● **WORK ITEM**:
Return exactly the lines of the records below, starting at the line that contains "card_gt_0_iff by blast+" and ending at the line that contains "(simp add: is_K4_def)", with both of those lines kept.

[Saved entries]
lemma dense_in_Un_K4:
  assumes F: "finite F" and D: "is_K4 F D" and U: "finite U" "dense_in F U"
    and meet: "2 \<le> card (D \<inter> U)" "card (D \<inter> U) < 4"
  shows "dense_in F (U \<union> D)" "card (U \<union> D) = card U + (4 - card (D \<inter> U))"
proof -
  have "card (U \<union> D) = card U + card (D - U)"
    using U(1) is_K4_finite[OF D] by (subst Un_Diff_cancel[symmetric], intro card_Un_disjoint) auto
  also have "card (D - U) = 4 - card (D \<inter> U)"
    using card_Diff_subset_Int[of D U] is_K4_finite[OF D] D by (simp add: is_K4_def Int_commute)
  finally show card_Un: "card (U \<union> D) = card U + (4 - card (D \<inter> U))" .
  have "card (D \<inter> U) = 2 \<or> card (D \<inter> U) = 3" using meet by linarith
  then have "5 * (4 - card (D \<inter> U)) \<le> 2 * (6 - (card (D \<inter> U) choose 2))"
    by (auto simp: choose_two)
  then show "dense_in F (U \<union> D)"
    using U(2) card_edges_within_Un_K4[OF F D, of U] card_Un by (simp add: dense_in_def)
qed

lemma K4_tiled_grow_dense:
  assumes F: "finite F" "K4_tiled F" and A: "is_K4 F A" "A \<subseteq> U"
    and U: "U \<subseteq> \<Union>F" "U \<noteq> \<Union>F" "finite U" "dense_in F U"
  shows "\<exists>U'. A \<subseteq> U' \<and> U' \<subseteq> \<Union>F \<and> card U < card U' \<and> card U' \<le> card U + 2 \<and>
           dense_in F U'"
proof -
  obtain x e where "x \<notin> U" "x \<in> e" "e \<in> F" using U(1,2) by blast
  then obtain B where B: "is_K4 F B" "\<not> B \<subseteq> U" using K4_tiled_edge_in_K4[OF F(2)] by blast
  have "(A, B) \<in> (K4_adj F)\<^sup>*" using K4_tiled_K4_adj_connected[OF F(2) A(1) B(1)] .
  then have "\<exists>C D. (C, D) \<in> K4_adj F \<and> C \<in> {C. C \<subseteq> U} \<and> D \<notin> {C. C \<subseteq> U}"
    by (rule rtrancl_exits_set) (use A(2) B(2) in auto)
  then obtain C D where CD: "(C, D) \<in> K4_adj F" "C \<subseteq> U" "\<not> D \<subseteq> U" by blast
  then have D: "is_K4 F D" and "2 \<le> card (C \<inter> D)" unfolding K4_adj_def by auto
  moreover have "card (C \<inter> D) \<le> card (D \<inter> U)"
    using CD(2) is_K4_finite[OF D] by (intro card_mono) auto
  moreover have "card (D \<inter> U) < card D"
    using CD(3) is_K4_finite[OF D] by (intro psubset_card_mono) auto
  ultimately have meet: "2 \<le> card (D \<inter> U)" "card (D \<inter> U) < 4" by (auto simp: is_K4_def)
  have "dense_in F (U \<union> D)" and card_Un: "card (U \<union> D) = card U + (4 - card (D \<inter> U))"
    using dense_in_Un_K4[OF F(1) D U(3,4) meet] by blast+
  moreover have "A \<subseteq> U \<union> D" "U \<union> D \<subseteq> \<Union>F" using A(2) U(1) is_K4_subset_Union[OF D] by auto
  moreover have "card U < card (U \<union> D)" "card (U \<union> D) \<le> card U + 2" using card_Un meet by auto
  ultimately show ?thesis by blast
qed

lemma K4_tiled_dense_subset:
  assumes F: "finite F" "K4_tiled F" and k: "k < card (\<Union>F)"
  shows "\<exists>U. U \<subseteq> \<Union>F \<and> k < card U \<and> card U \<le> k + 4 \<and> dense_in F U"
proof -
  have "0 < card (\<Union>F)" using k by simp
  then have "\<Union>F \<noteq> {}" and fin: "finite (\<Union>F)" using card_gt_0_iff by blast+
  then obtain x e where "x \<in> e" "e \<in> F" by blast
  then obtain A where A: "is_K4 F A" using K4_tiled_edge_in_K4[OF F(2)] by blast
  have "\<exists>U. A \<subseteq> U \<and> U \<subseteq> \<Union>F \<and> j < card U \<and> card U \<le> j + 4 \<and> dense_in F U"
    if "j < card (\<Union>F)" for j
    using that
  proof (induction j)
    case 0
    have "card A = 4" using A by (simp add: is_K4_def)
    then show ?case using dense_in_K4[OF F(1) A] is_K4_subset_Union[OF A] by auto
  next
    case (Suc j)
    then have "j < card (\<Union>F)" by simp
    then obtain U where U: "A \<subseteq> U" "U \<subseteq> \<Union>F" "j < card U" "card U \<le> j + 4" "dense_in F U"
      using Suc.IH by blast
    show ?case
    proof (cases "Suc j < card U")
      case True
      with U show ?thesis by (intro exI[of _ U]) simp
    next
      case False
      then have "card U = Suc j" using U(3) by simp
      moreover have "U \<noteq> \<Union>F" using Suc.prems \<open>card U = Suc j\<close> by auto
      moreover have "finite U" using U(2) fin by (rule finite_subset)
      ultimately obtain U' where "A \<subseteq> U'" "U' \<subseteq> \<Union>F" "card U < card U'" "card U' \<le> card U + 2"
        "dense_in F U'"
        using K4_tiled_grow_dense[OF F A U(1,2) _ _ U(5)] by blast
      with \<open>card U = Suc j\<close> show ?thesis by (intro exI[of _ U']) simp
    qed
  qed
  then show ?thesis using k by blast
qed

● **EXERCISE OUTPUT**:
  then have "\<Union>F \<noteq> {}" and fin: "finite (\<Union>F)" using card_gt_0_iff by blast+
  then obtain x e where "x \<in> e" "e \<in> F" by blast
  then obtain A where A: "is_K4 F A" using K4_tiled_edge_in_K4[OF F(2)] by blast
  have "\<exists>U. A \<subseteq> U \<and> U \<subseteq> \<Union>F \<and> j < card U \<and> card U \<le> j + 4 \<and> dense_in F U"
    if "j < card (\<Union>F)" for j
    using that
  proof (induction j)
    case 0
    have "card A = 4" using A by (simp add: is_K4_def)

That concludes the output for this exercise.